High performance teams are bound in four core values:
- Connectedness and camaraderie to each other as people
- A sense of mutual support that won’t let each other fail
- High degrees of candor and truth-telling that few of us get in our professional lives in service of each other and a shared vision
- The kind of accountability that kicks each other’s butts and doesn’t allow only the leader to shoulder the burden of the accountability but is instead diffused among the group of people who care about each other’s success.
- Of course, all of this needs to be wrapped in a powerful shared vision and mission that people can have passion for and taste strongly.
How are your keynote presentations unique?
Perhaps one of the most unique elements of my presentation is my desire to give a good portion of the time back to the audience in interactive exercises which allow them to experience the content for themselves. It is that taste of a new way of behaving that engrains the soft skills elements that are so crucial to their success into their DNA, and sends them out into the hallway to practice it for the rest of the event and then back into their work life to focus on stronger relationships and greater collaboration in service of growth of their companies and of themselves personally.
Do you have any unique memorable moments in your speaking career?
I’m blessed with memorable moments of individuals reaching out to me months and sometimes years after having heard me speak, with the message that the time we spent together not only resonated so deeply, but moved them to action clearly and led to a real change in their lives. Nothing is more important to me than people making a difference in their lives; not just what I call “corporate entertainment.” It’s important that people do something different and that the message sustains into action in the future.

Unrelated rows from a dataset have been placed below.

(* For any skew shape $\lambda/\mu$ (partitions $\mu\subseteq\lambda$) and any positive integer $n$, \[ s_{\lambda/\mu}\, s_n \;=\; s_{\lambda/\mu}\, h_n \;=\; \sum_{k=0}^{n} (-1)^k \sum_{\substack{\lambda^+/\lambda \ (n-k)\text{-horizontal strip}\\ \mu/\mu^- \ k\text{-vertical strip}}} s_{\lambda^+/\mu^-}, \] where the inner sum is over all pairs of partitions $\lambda^+,\mu^-$ such that $\lambda^+/\lambda$ is a horizontal strip of size $n-k$ and $\mu/\mu^-$ is a vertical strip of size $k$.
   Context: Symmetric functions are in variables $x=(x_1,x_2,\dots)$. For partitions $\mu\subseteq\lambda$, the skew Schur function is $s_{\lambda/\mu}=\sum_T x^T$, summed over semistandard Young tableaux $T$ of shape $\lambda/\mu$ (fillings with positive integers, weakly increasing along rows and strictly increasing along columns), where $x^T=\prod_i x_i^{(\text{number of entries } i)}$. $s_n=h_n$ is the complete homogeneous symmetric function. A skew shape $\alpha/\beta$ is a horizontal strip (resp. vertical strip) if no two of its cells lie in the same column (resp. row); a $k$-horizontal/vertical strip is one with $k$ cells (in particular $\alpha\supseteq\beta$ are partitions). *)

theory Defs
  imports Main "HOL-Library.Poly_Mapping"
begin

(* Partitions: weakly decreasing sequences of naturals (row lengths, rows indexed from 0)
   with finitely many nonzero entries. *)
definition is_partition :: "(nat \<Rightarrow> nat) \<Rightarrow> bool" where
  "is_partition la \<longleftrightarrow> (\<forall>i j. i \<le> j \<longrightarrow> la j \<le> la i) \<and> finite {i. la i \<noteq> 0}"

definition part_subseteq :: "(nat \<Rightarrow> nat) \<Rightarrow> (nat \<Rightarrow> nat) \<Rightarrow> bool" where
  "part_subseteq mu la \<longleftrightarrow> (\<forall>i. mu i \<le> la i)"

definition skew_cells :: "(nat \<Rightarrow> nat) \<Rightarrow> (nat \<Rightarrow> nat) \<Rightarrow> (nat \<times> nat) set" where
  "skew_cells la mu = {(i, j). mu i \<le> j \<and> j < la i}"

(* semistandard Young tableaux of shape la/mu, entries positive integers;
   T is extended by 0 outside the diagram *)
definition ssyt :: "(nat \<Rightarrow> nat) \<Rightarrow> (nat \<Rightarrow> nat) \<Rightarrow> (nat \<times> nat \<Rightarrow> nat) \<Rightarrow> bool" where
  "ssyt la mu T \<longleftrightarrow>
     (\<forall>c. c \<notin> skew_cells la mu \<longrightarrow> T c = 0) \<and>
     (\<forall>c \<in> skew_cells la mu. 1 \<le> T c) \<and>
     (\<forall>i j j'. (i, j) \<in> skew_cells la mu \<longrightarrow> (i, j') \<in> skew_cells la mu \<longrightarrow> j \<le> j' \<longrightarrow> T (i, j) \<le> T (i, j')) \<and>
     (\<forall>i i' j. (i, j) \<in> skew_cells la mu \<longrightarrow> (i', j) \<in> skew_cells la mu \<longrightarrow> i < i' \<longrightarrow> T (i, j) < T (i', j))"

(* Symmetric functions (formal power series in x_1, x_2, ...) are represented by their
   coefficient function on monomials x^a, a :: nat \<Rightarrow>\<^sub>0 nat (Poly_Mapping.lookup a k = exponent of x_k). *)
type_synonym sfun = "(nat \<Rightarrow>\<^sub>0 nat) \<Rightarrow> int"

(* coefficient of x^a in s_{la/mu}: number of SSYT with content a *)
definition skew_schur :: "(nat \<Rightarrow> nat) \<Rightarrow> (nat \<Rightarrow> nat) \<Rightarrow> sfun" where
  "skew_schur la mu a = int (card {T. ssyt la mu T \<and>
       (\<forall>k. Poly_Mapping.lookup a k = card {c \<in> skew_cells la mu. T c = k})})"

(* complete homogeneous symmetric function h_n: sum of all monomials of degree n in x_1, x_2, ... *)
definition hsym :: "nat \<Rightarrow> sfun" where
  "hsym n a = (if Poly_Mapping.lookup a 0 = 0 \<and> (\<Sum>k\<in>Poly_Mapping.keys a. Poly_Mapping.lookup a k) = n then 1 else 0)"

definition row_partition :: "nat \<Rightarrow> nat \<Rightarrow> nat" where
  "row_partition n = (\<lambda>i. if i = 0 then n else 0)"

definition empty_partition :: "nat \<Rightarrow> nat" where
  "empty_partition = (\<lambda>_. 0)"

definition sf_mult :: "sfun \<Rightarrow> sfun \<Rightarrow> sfun" where
  "sf_mult f g a = (\<Sum>(b, c) \<in> {(b, c). b + c = a}. f b * g c)"

definition horizontal_strip :: "(nat \<Rightarrow> nat) \<Rightarrow> (nat \<Rightarrow> nat) \<Rightarrow> nat \<Rightarrow> bool" where
  "horizontal_strip al be k \<longleftrightarrow> is_partition al \<and> is_partition be \<and> part_subseteq be al \<and>
     (\<forall>i i' j. (i, j) \<in> skew_cells al be \<longrightarrow> (i', j) \<in> skew_cells al be \<longrightarrow> i = i') \<and>
     card (skew_cells al be) = k"

definition vertical_strip :: "(nat \<Rightarrow> nat) \<Rightarrow> (nat \<Rightarrow> nat) \<Rightarrow> nat \<Rightarrow> bool" where
  "vertical_strip al be k \<longleftrightarrow> is_partition al \<and> is_partition be \<and> part_subseteq be al \<and>
     (\<forall>i j j'. (i, j) \<in> skew_cells al be \<longrightarrow> (i, j') \<in> skew_cells al be \<longrightarrow> j = j') \<and>
     card (skew_cells al be) = k"

end

theory Submission
  imports Defs "HOL-Library.Disjoint_Sets"
begin

(* The identity is proved coefficientwise, by induction on the largest variable x_m occurring in
   the monomial.  Removing the entries m from a tableau of shape la/mu leaves a tableau of a
   shape nu with la/nu a horizontal strip (branching rule), and removing the x_m-part from a
   monomial of h_n lowers n; so the left-hand side satisfies a recursion in the variables
   x_1, ..., x_(m-1).  The right-hand side satisfies the same recursion, because adding a
   horizontal strip and then removing one can be traded for removing one and then adding one
   (Fomin's local rule for horizontal strips).  The base case, the constant term, is an
   alternating count of the shapes rho with rho/la horizontal and mu/rho vertical, which a
   sign-reversing involution reduces to [la = mu]. *)

section \<open>Partitions and skew diagrams\<close>

lemma is_partition_antimono: "is_partition la \<Longrightarrow> i \<le> j \<Longrightarrow> la j \<le> la i"
  unfolding is_partition_def by blast

lemma is_partition_finite_support: "is_partition la \<Longrightarrow> finite {i. la i \<noteq> 0}"
  unfolding is_partition_def by blast

lemma is_partitionI:
  assumes "\<And>i. la (Suc i) \<le> la i" and "finite {i. la i \<noteq> 0}"
  shows "is_partition la"
  unfolding is_partition_def
proof (intro conjI allI impI)
  show "la j \<le> la i" if "i \<le> j" for i j
    using lift_Suc_antimono_le[of la, OF assms(1) that] .
qed (rule assms(2))

lemma finite_support_vanishes:
  fixes f :: "nat \<Rightarrow> nat"
  assumes "finite {i. f i \<noteq> 0}"
  obtains N where "\<And>i. N \<le> i \<Longrightarrow> f i = 0"
proof -
  obtain M where "\<forall>i\<in>{i. f i \<noteq> 0}. i \<le> M"
    using assms unfolding finite_nat_set_iff_bounded_le ..
  then have "\<And>i. Suc M \<le> i \<Longrightarrow> f i = 0" by force
  then show ?thesis by (rule that)
qed

lemma finite_support_if_vanishes_above:
  fixes f :: "nat \<Rightarrow> nat"
  assumes "\<And>i. m < i \<Longrightarrow> f i = 0"
  shows "finite {i. f i \<noteq> 0}"
proof (rule finite_subset)
  show "{i. f i \<noteq> 0} \<subseteq> {..m}"
  proof
    fix i assume "i \<in> {i. f i \<noteq> 0}"
    then show "i \<in> {..m}" using assms[of i] by (cases "m < i") auto
  qed
qed simp

lemma partitions_vanish_beyond:
  assumes "is_partition la" and "is_partition rho"
  obtains N where "\<And>i. N \<le> i \<Longrightarrow> la i = 0" and "\<And>i. N \<le> i \<Longrightarrow> rho i = 0"
proof -
  obtain N1 N2 where "\<And>i. N1 \<le> i \<Longrightarrow> la i = 0" and "\<And>i. N2 \<le> i \<Longrightarrow> rho i = 0"
    using finite_support_vanishes is_partition_finite_support assms by metis
  then show ?thesis using that[of "max N1 N2"] by simp
qed

lemma finite_pointwise_le:
  fixes g :: "nat \<Rightarrow> nat"
  assumes "finite {i. g i \<noteq> 0}"
  shows "finite {f. \<forall>i. f i \<le> g i}"
proof -
  let ?S = "{i. g i \<noteq> 0}"
  let ?B = "{..Max (g ` ?S)}"
  have "{f. \<forall>i. f i \<le> g i} \<subseteq> {f. \<forall>i. (i \<in> ?S \<longrightarrow> f i \<in> ?B) \<and> (i \<notin> ?S \<longrightarrow> f i = 0)}"
  proof (intro subsetI CollectI allI conjI impI)
    fix f i assume f: "f \<in> {f. \<forall>i. f i \<le> g i}"
    then have "f i \<le> g i" by simp
    moreover assume "i \<in> ?S"
    then have "g i \<le> Max (g ` ?S)" using assms by simp
    ultimately show "f i \<in> ?B" by simp
  next
    fix f i assume "f \<in> {f. \<forall>i. f i \<le> g i}" and "i \<notin> ?S"
    then show "f i = 0" by (metis (mono_tags) le_zero_eq mem_Collect_eq)
  qed
  moreover have "finite {f. \<forall>i. (i \<in> ?S \<longrightarrow> f i \<in> ?B) \<and> (i \<notin> ?S \<longrightarrow> f i = 0)}"
    by (rule finite_set_of_finite_funs) (use assms in simp_all)
  ultimately show ?thesis by (rule finite_subset)
qed

definition weight :: "(nat \<Rightarrow> nat) \<Rightarrow> nat" where
  "weight f = (\<Sum>i \<in> {i. f i \<noteq> 0}. f i)"

lemma weight_eq_sum:
  assumes "finite S" and "{i. f i \<noteq> 0} \<subseteq> S"
  shows "weight f = sum f S"
  unfolding weight_def using assms by (intro sum.mono_neutral_left) auto

lemma weight_eq_sum_lessThan:
  assumes "\<And>i. N \<le> i \<Longrightarrow> f i = 0"
  shows "weight f = (\<Sum>i<N. f i)"
proof (rule weight_eq_sum)
  show "{i. f i \<noteq> 0} \<subseteq> {..<N}"
  proof
    fix i assume "i \<in> {i. f i \<noteq> 0}"
    then show "i \<in> {..<N}" using assms[of i] by (cases "N \<le> i") auto
  qed
qed simp

lemma weight_update:
  assumes "finite {i. f i \<noteq> 0}"
  shows "weight (f(k := v)) + f k = weight f + v"
proof -
  let ?S = "{i. f i \<noteq> 0} - {k}"
  have fin: "finite ?S" and k: "k \<notin> ?S" using assms by auto
  have "weight (f(k := v)) = sum (f(k := v)) (insert k ?S)"
    using fin by (intro weight_eq_sum) auto
  also have "\<dots> = v + sum (f(k := v)) ?S" by (simp only: sum.insert[OF fin k] fun_upd_same)
  also have "sum (f(k := v)) ?S = sum f ?S" by (rule sum.cong) auto
  finally have upd: "weight (f(k := v)) = v + sum f ?S" .
  have "weight f = sum f (insert k ?S)" using fin by (intro weight_eq_sum) auto
  also have "\<dots> = f k + sum f ?S" by (rule sum.insert[OF fin k])
  finally show ?thesis using upd by simp
qed

lemma mem_skew_cells [simp]: "(i, j) \<in> skew_cells la mu \<longleftrightarrow> mu i \<le> j \<and> j < la i"
  unfolding skew_cells_def by simp

lemma skew_cells_self [simp]: "skew_cells la la = {}"
  by auto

What is the importance of healthy relationships in the workplace?
Healthy relationships in the workplace drive innovation and powerful, appropriate risk taking because people feel comfortable unleashing themselves and they’re not constrained by the traditional, stifled corporate environment. Relationships bond people and radically improve employee engagement, which statistically increase productivity (because we all remember days when we bound out of bed with a spring in our step, not just because we cared about the work, but likely because we cared about the people we worked with.)
Our philosophy of the Relationship Profit Chain has proven statistically in our research that stronger internal relationships within an organization yield greater relationships externally with clients and prospects and key constituents and drive the growth of companies, increasing customer satisfaction, sales, repurchase and customer loyalty to the point where it is noticeably contributive to shareholder value.
Relationships are perhaps the singular most important, yet under-managed element of business success today. It is my mission and my passion to create an understanding and an awakening of relationship-centricity to business and personal success and to give people the tools and the motivation to step up and change the commitment and the actions for positive results starting with a talk that they’ll never forget.